En el fondo, Jimena también esperaba más de sí misma, pero huyó con prisas para no tener que aceptarlo.

Escapó de allí con paso firme, pero el pecho henchido de duda. Bajó a galope por las escaleras, respirando profundamente, convenciéndose a sí misma de que no eran prejuicios los que la empujaban hacia su casa, pero no terminaba de creerse. Estaba indignada… consigo misma. Quería entender. Mejor aún, quería no hacerse preguntas. Pero no podía.

Salió del portal sin mirar y chocó con fuerza con alguien que tuvo que sujetarse a la pared para no caer. Algo negro con ruedas salió despedido hasta rebotar contra la pared del edificio e ir a parar al otro lado de la calle.

—Lo siento —dijo pasando de largo.

—No te preocupes. Todo tiene solución, menos la muerte.
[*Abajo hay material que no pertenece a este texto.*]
text \<open>Take as auxiliary input the uniformly distributed message index and as \<open>Q\<^sup>n\<close> the
  encoder of the \<open>n\<close>-th code.  For the legitimate receiver, the Verdu-Han bound
  \<open>1 - Pr[i(X;Y) > t] \<le> \<epsilon>\<^sub>B + e\<^sup>t / M\<close> pushes the information spectrum above every
  rate below \<open>liminf (1/n) log M\<close>, so the spectral inf-information rate is at least the rate of
  the codes.  For the eavesdropper, each codeword's output has density at most \<open>M\<close> with respect
  to the mixture output, and then either \<open>d\<^sub>E\<close> tending to \<open>0\<close> or \<open>I\<^sub>E / n\<close> tending to \<open>0\<close>
  forces \<open>Pr[(1/n) i(X;Z) > a]\<close> to vanish for every \<open>a > 0\<close>: the spectral sup-information
  rate is at most \<open>0\<close>.\<close>

lemma summable_on_real_bounded:
  fixes f g :: "'a \<Rightarrow> real"
  assumes "g summable_on A" "\<And>x. x \<in> A \<Longrightarrow> \<bar>f x\<bar> \<le> g x"
  shows "f summable_on A"
proof -
  have "(\<lambda>x. norm (f x)) summable_on A"
    by (rule summable_on_comparison_test[OF assms(1)]) (use assms(2) in auto)
  then show ?thesis using abs_summable_summable by blast
qed

lemma pmf_summable_on: "pmf p summable_on A"
proof -
  have "(\<lambda>x. norm (pmf p x)) summable_on A"
    using abs_summable_equivalent pmf_abs_summable by blast
  then show ?thesis by simp
qed

lemma measure_pmf_eq_infsum: "measure_pmf.prob p A = infsum (pmf p) A"
  by (simp add: measure_pmf_conv_infsetsum infsetsum_infsum pmf_abs_summable)

lemma measure_pmf_le_scaled:
  assumes "\<And>z. z \<in> A \<Longrightarrow> pmf p z \<le> c * pmf q z"
  shows "measure_pmf.prob p A \<le> c * measure_pmf.prob q A"
proof -
  have "infsum (pmf p) A \<le> infsum (\<lambda>z. c * pmf q z) A"
    by (rule infsum_mono) (auto intro: pmf_summable_on summable_on_cmult_right assms)
  also have "\<dots> = c * infsum (pmf q) A"
    by (rule infsum_cmult_right) (rule pmf_summable_on)
  finally show ?thesis by (simp add: measure_pmf_eq_infsum)
qed

lemma l1_pmf_nonneg: "0 \<le> l1_pmf p q"
  unfolding l1_pmf_def by (rule infsum_nonneg) auto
Jimena siguió andando, pero tuvo que pararse cuando se dio cuenta de que había chocado contra un chico castaño, de unos dieciséis años, vestido con unos pantalones anchos y subido a un monopatín negro con ruedas naranjas. «Todo tiene solución, menos la muerte».

Se llevó la mano hacia el pecho cuando, al volverse, no logró encontrarlo ni siquiera a lo lejos.